Identification of HHV8 oriLyt. (A, left side) Autoradiogram of a Southern blot of EcoRI- and DpnI-cleaved total cellular DNA from BCBL-1 cells transfected by electroporation with pDA12 with or without a plasmid expressing HHV8 ORF 50 (pEXP50). Blots were hybridized with pGEM7zf(−). The arrowhead indicates the replicated product. Lanes: 1, transfection of pDA12 plus pEXP50 (5 μg); 2, pDA12 plus pGEM7zf(−) (5 μg); 3, pDA12 plus pEXP50 (0.5 μg); 4, pDA12 plus pEXP50 (2 μg); 5, pDA12 plus pEXP50 (5 μg); 6, pDA12 plus TPA treatment for 4 days; 7, pDA12 plus TPA treatment for 2 days; 8, pDA12 plus pEXP50 (5 μg) incubated with PFA (300 μg/ml). (A, right side) Replication products are susceptible to cleavage by the restriction enzyme MboI. Cells were transfected with pDA12 and pEXP50 (5 μg), and DNA was extracted and treated with EcoRI and DpnI (lane 1) or EcoRI, DpnI, and MboI (lane 2). (B) Both the oriLyt domain and the G+C repeat regions are required for replication and identification of the OriLyt-R sequence. Transfection of HHV8 oriLyt-L and oriLyt-R subclones was done to identify essential DNA elements. All transfections contained 20 μg of oriLyt-containing plasmids plus 5 μg of pEXP50. Arrowheads indicate replicated plasmids. Refer to Table 1 and Fig. 1 for details of subclones. (B, left side) Transfection of oriLyt-L subclones. Lanes: 1, pDA13; 2, pDA14; 3, pDA15; 4, pDA16; 5, pDA18; 6, pDA12. (B, right side) Transfection of oriLyt-R subclones. Lanes: 1, pDA23; 2, pDA24; 3, pDA25.
In order to show that DpnI-protected products were the result of DNA amplification and not incomplete cleavage by the DpnI restriction enzyme, samples were cleaved with the restriction enzyme MboI. MboI cleaves unmethylated DNA and is inhibited by methylated DNA. Treatment of pDA12 with EcoRI, DpnI, and MboI resulted in disappearance of the replicated DNA band in EcoRI- and DpnI-treated samples (Fig. 2A, right side, compare lanes 1 and 2).

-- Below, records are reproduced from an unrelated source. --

lemma ex_m_orthonormal_basis: "\<exists>k e. k \<le> CARD('n) \<and> m_orthonormal_basis f k e"
proof -
  obtain k e where orth: "orthonormal_upto k e"
    and residue: "\<And>v. f (v - orth_proj k e v) (v - orth_proj k e v) = 0"
    by (metis orthonormal_null_residue_exists)
  obtain B where B_null: "B \<subseteq> {u. f u u = 0}" and B_indep: "vec.independent B"
    and B_span: "{u. f u u = 0} \<subseteq> vec.span B"
    by (meson vec.basis_exists)
  obtain E where E: "is_ordered_basis E" and E_head: "\<And>i. i < k \<Longrightarrow> E i = e i"
    and E_tail: "\<And>i. k \<le> i \<Longrightarrow> i < CARD('n) \<Longrightarrow> E i \<in> B"
    using ordered_basis_append[OF orthonormal_upto_inj_independent(1)[OF orth]
        vec.finiteI_independent[OF B_indep] orthonormal_upto_null_disjoint[OF orth B_null]
        orthonormal_upto_Un_null_independent[OF orth B_null B_indep]
        orthonormal_upto_Un_null_span[OF residue B_span]]
    by metis
  have "f (E i) (E j) = (if i = j \<and> i < k then 1 else 0)"
    if "i < CARD('n)" "j < CARD('n)" for i j
  proof (cases "i < k \<and> j < k")
    case True
    then show ?thesis
      using orth by (simp add: E_head orthonormal_upto_def)
  next
    case False
    then have "E i \<in> B \<or> E j \<in> B"
      using E_tail that by (meson not_less)
    then have "f (E i) (E i) = 0 \<or> f (E j) (E j) = 0"
      using B_null by blast
    then have "f (E i) (E j) = 0"
      using form_null_left form_null_right by blast
    then show ?thesis
      using False by auto
  qed
  then have "m_orthonormal_basis f k E"
    using E by (simp add: m_orthonormal_basis_def)
  then show ?thesis
    using orthonormal_upto_le_card[OF orth] by blast
qed

definition gram_row :: "complex^'n \<Rightarrow> complex^'n" where
  "gram_row u = (\<chi> j. f u (axis j 1))"

lemma gram_row_lincomb: "gram_row (\<Sum>i\<in>I. c i *s v i) = (\<Sum>i\<in>I. cnj (c i) *s gram_row (v i))"
  by (simp add: gram_row_def vec_eq_iff form_lincomb_left sum_component)

lemma gram_row_cong: "(\<And>v. f u v = f w v) \<Longrightarrow> gram_row u = gram_row w"
  by (simp add: gram_row_def)

lemma form_eq_0_if_gram_row_eq_0:
  assumes "gram_row w = 0"
  shows "f w v = 0"
proof -
  have "f w v = f w (\<Sum>j\<in>UNIV. v $ j *s axis j 1)"
    by (simp add: basis_expansion)
  also have "\<dots> = (\<Sum>j\<in>UNIV. v $ j * gram_row w $ j)"
    by (simp add: form_lincomb_right gram_row_def)
  finally show ?thesis
    using assms by simp
qed

definition gram_matrix :: "complex^'n^'n" where
  "gram_matrix = (\<chi> i j. f (axis i 1) (axis j 1))"

lemma rows_gram_matrix: "rows gram_matrix = range (\<lambda>i. gram_row (axis i 1))"
  by (auto simp: rows_def row_def gram_row_def gram_matrix_def)

context
  fixes e :: "nat \<Rightarrow> complex^'n" and m :: nat
  assumes mob: "m_orthonormal_basis f m e" and m_le: "m \<le> CARD('n)"
begin

lemma m_orthonormal_gram:
  "i < CARD('n) \<Longrightarrow> j < CARD('n) \<Longrightarrow> f (e i) (e j) = (if i = j \<and> i < m then 1 else 0)"
  using mob by (simp add: m_orthonormal_basis_def)

lemma m_orthonormal_orthonormal_upto: "orthonormal_upto m e"
  using m_le by (simp add: orthonormal_upto_def m_orthonormal_gram)

lemma m_orthonormal_null: "m \<le> i \<Longrightarrow> i < CARD('n) \<Longrightarrow> f (e i) (e i) = 0"
  by (simp add: m_orthonormal_gram)

lemma m_orthonormal_coord:
  assumes "l < m"
  shows "f (e l) u = vec.representation (e ` {..<CARD('n)}) u (e l)"
proof -
  let ?c = "\<lambda>i. vec.representation (e ` {..<CARD('n)}) u (e i)"
  have "f (e l) u = f (e l) (\<Sum>i<CARD('n). ?c i *s e i)"
    using mob by (simp add: is_ordered_basis_expansion m_orthonormal_basis_def)
  also have "\<dots> = (\<Sum>i<CARD('n). if i = l then ?c i else 0)"
    unfolding form_lincomb_right using assms m_le by (intro sum.cong) (auto simp: m_orthonormal_gram)
  also have "\<dots> = ?c l"
    using assms m_le by simp
  finally show ?thesis .
qed

lemma m_orthonormal_residue_in_span: "u - orth_proj m e u \<in> vec.span (e ` {m..<CARD('n)})"
proof -
  let ?c = "\<lambda>i. vec.representation (e ` {..<CARD('n)}) u (e i)"
  have "u = (\<Sum>i<CARD('n). ?c i *s e i)"
    using mob by (simp add: is_ordered_basis_expansion m_orthonormal_basis_def)
  also have "\<dots> = (\<Sum>i<m. ?c i *s e i) + (\<Sum>i\<in>{m..<CARD('n)}. ?c i *s e i)"
    using sum.atLeastLessThan_concat[of 0 m "CARD('n)" "\<lambda>i. ?c i *s e i"] m_le
    by (simp add: lessThan_atLeast0)
  finally have "u = (\<Sum>i<m. ?c i *s e i) + (\<Sum>i\<in>{m..<CARD('n)}. ?c i *s e i)" .
  moreover have "(\<Sum>i<m. ?c i *s e i) = orth_proj m e u"
    unfolding orth_proj_def by (intro sum.cong) (simp_all add: m_orthonormal_coord)
  moreover have "(\<Sum>i\<in>{m..<CARD('n)}. ?c i *s e i) \<in> vec.span (e ` {m..<CARD('n)})"
    by (intro vec.span_sum vec.span_scale vec.span_base) auto
  ultimately show ?thesis
    by (metis add_diff_cancel_left')
qed

lemma m_orthonormal_span_null: "vec.span (e ` {m..<CARD('n)}) \<subseteq> {u. f u u = 0}"
  using m_orthonormal_null by (intro vec.span_minimal null_subspace) auto

lemma m_orthonormal_residue_null: "f (u - orth_proj m e u) (u - orth_proj m e u) = 0"
  using m_orthonormal_residue_in_span m_orthonormal_span_null by blast

lemma m_orthonormal_form_self: "f u u = (\<Sum>l<m. complex_of_real ((cmod (f (e l) u))\<^sup>2))"
proof -
  have "f u (u - orth_proj m e u) = 0"
    using m_orthonormal_residue_null by (rule form_null_right)
  then have "f u u = f u (orth_proj m e u)"
    by (simp add: form_diff_right)
  also have "\<dots> = (\<Sum>l<m. f (e l) u * cnj (f (e l) u))"
    unfolding orth_proj_def form_lincomb_right by (metis form_conj_sym)
  finally show ?thesis
    by (simp only: complex_norm_square)
qed

lemma m_orthonormal_form_norm: "form_norm f u = L2_set (\<lambda>l. cmod (f (e l) u)) {..<m}"
  by (simp add: form_norm_def L2_set_def m_orthonormal_form_self flip: of_real_sum)

lemma m_orthonormal_null_iff: "f u u = 0 \<longleftrightarrow> (\<forall>l<m. f (e l) u = 0)"
proof -
  have "f u u = 0 \<longleftrightarrow> form_norm f u = 0"
    using form_self_nonneg[of u] by (subst form_self_real) (simp add: form_norm_def)
  then show ?thesis
    by (auto simp: m_orthonormal_form_norm L2_set_eq_0_iff)
qed

lemma m_orthonormal_gram_row_scalars_zero:
  assumes "(\<Sum>i\<in>{..<m}. c i *s gram_row (e i)) = 0"
  shows "\<forall>i\<in>{..<m}. c i = 0"
proof
  fix l assume "l \<in> {..<m}"
  define w where "w = (\<Sum>i<m. cnj (c i) *s e i)"
  have "f (e l) w = cnj (c l)"
    unfolding w_def using \<open>l \<in> {..<m}\<close>
    by (simp add: orthonormal_upto_coeff[OF m_orthonormal_orthonormal_upto])
  moreover have "gram_row w = 0"
    using assms by (simp add: w_def gram_row_lincomb)
  then have "f w (e l) = 0"
    by (rule form_eq_0_if_gram_row_eq_0)
  ultimately show "c l = 0"
    using form_conj_sym[of w "e l"] by simp
qed

lemma m_orthonormal_span_rows_gram_matrix:
  "vec.span (rows gram_matrix) = vec.span ((\<lambda>i. gram_row (e i)) ` {..<m})"
proof -
  have "gram_row (axis i 1) \<in> vec.span ((\<lambda>i. gram_row (e i)) ` {..<m})" for i
  proof -
    have "f (axis i 1 - orth_proj m e (axis i 1)) v = 0" for v
      using m_orthonormal_residue_null by (rule form_null_left)
    then have "gram_row (axis i 1) = gram_row (orth_proj m e (axis i 1))"
      by (intro gram_row_cong) (simp add: form_diff_left)
    also have "\<dots> \<in> vec.span ((\<lambda>i. gram_row (e i)) ` {..<m})"
      unfolding orth_proj_def gram_row_lincomb
      by (intro vec.span_sum vec.span_scale vec.span_base) auto
    finally show ?thesis .
  qed
  moreover have "gram_row (e l) \<in> vec.span (rows gram_matrix)" for l
  proof -
    have "gram_row (e l) = gram_row (\<Sum>j\<in>UNIV. e l $ j *s axis j 1)"
      by (simp add: basis_expansion)
    also have "\<dots> \<in> vec.span (rows gram_matrix)"
      unfolding gram_row_lincomb rows_gram_matrix
      by (intro vec.span_sum vec.span_scale vec.span_base) auto
    finally show ?thesis .
  qed
  ultimately show ?thesis
    unfolding vec.span_eq rows_gram_matrix by auto
qed

lemma m_orthonormal_form_rank: "form_rank f = m"
proof -
  have "form_rank f = vec.dim ((\<lambda>i. gram_row (e i)) ` {..<m})"
    unfolding form_rank_def gram_matrix_def[symmetric] row_rank_def_gen
    by (metis vec.dim_span m_orthonormal_span_rows_gram_matrix)
  also have "\<dots> = m"
    using m_orthonormal_gram_row_scalars_zero
    by (simp add: vec.dim_eq_card_independent independent_image_if_scalars_zero
        inj_on_if_scalars_zero card_image)
  finally show ?thesis .
qed

lemma operator_coord_if_null_invariant:
  assumes lin: "Vector_Spaces.linear (*s) (*s) A"
    and inv: "\<forall>u. f u u = 0 \<longrightarrow> f (A u) (A u) = 0"
  shows "f (e l) (A u) = (\<Sum>i<m. f (e i) u * f (e l) (A (e i)))"
proof -
  let ?r = "u - orth_proj m e u"
  have "f (A ?r) (A ?r) = 0"
    by (rule inv[rule_format, OF m_orthonormal_residue_null])
  then have null_part: "f (e l) (A ?r) = 0"
    by (rule form_null_right)
  have decomp: "A u = (\<Sum>i<m. f (e i) u *s A (e i)) + A ?r"
    by (simp add: orth_proj_def vec.linear_diff[OF lin] vec.linear_sum[OF lin]
        vec.linear_scale[OF lin])
  have "f (e l) (A u) = f (e l) (\<Sum>i<m. f (e i) u *s A (e i)) + f (e l) (A ?r)"
    by (subst decomp) (rule form_add_right)
  then show ?thesis
    by (simp only: null_part form_lincomb_right add_0_right)
qed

To define the boundaries of the HHV8 oriLyt, we made several constructs in which DNA sequences were removed from the 5′ and 3′ ends of subclone pDA12 (Table 1 and Fig. 1A). Subclone pDA13, which lacks 754 bp from the right end and 303 bp from the left end of subclone pDA12, replicated when transfected into BCBL-1 cells (Fig. 2B, left side, lane 1). When an additional 364 bp was removed from the right end of pDA13 to make subclone pDA14, the replication efficiency was decreased to approximately 70% of that of the full-length oriLyt, indicating the possible existence of some ancillary element(s) (Fig. 2B, left side, lane 2). The replication efficiency was relatively unchanged when subclone pDA15, which has 97 bp deleted from the left end (Fig. 1A), was used in the transient-transfection replication assay (Fig. 2B, left side, lane 3). Subclone pDA16, which lacked all of the G+C repeat region but retained the putative oriLyt domains, failed to replicate, indicating that at least some of the G+C DNA sequence is required for replication (Fig. 2B, left side, lane 4). A subclone that contained the G+C repeat region plus some of the flanking DNA sequence (pDA18) also failed to replicate (Fig. 2B, left side lane 5). Therefore, neither the putative oriLyt domains nor the G+C repeat regions alone were sufficient for replication. Subclones shown in Fig. 1A that encoded either regions upstream of the oriLyt domains (pDA17 and pDA21) or those that contained portions of the oriLyt domains (pDA16, pDA19, and pDA22), along with a subclone in which most of the oriLyt domains but none of the G+C repeat region was present, did not replicate in the transient-transfection assays (data not shown). In addition, a construct that lacked some of the internal G+C repeat region from the BamHI site (nt 24637) to the BamHI site (nt 24877) did replicate, suggesting that some of the internal repeat elements within the G+C repeat region are dispensable (data not shown).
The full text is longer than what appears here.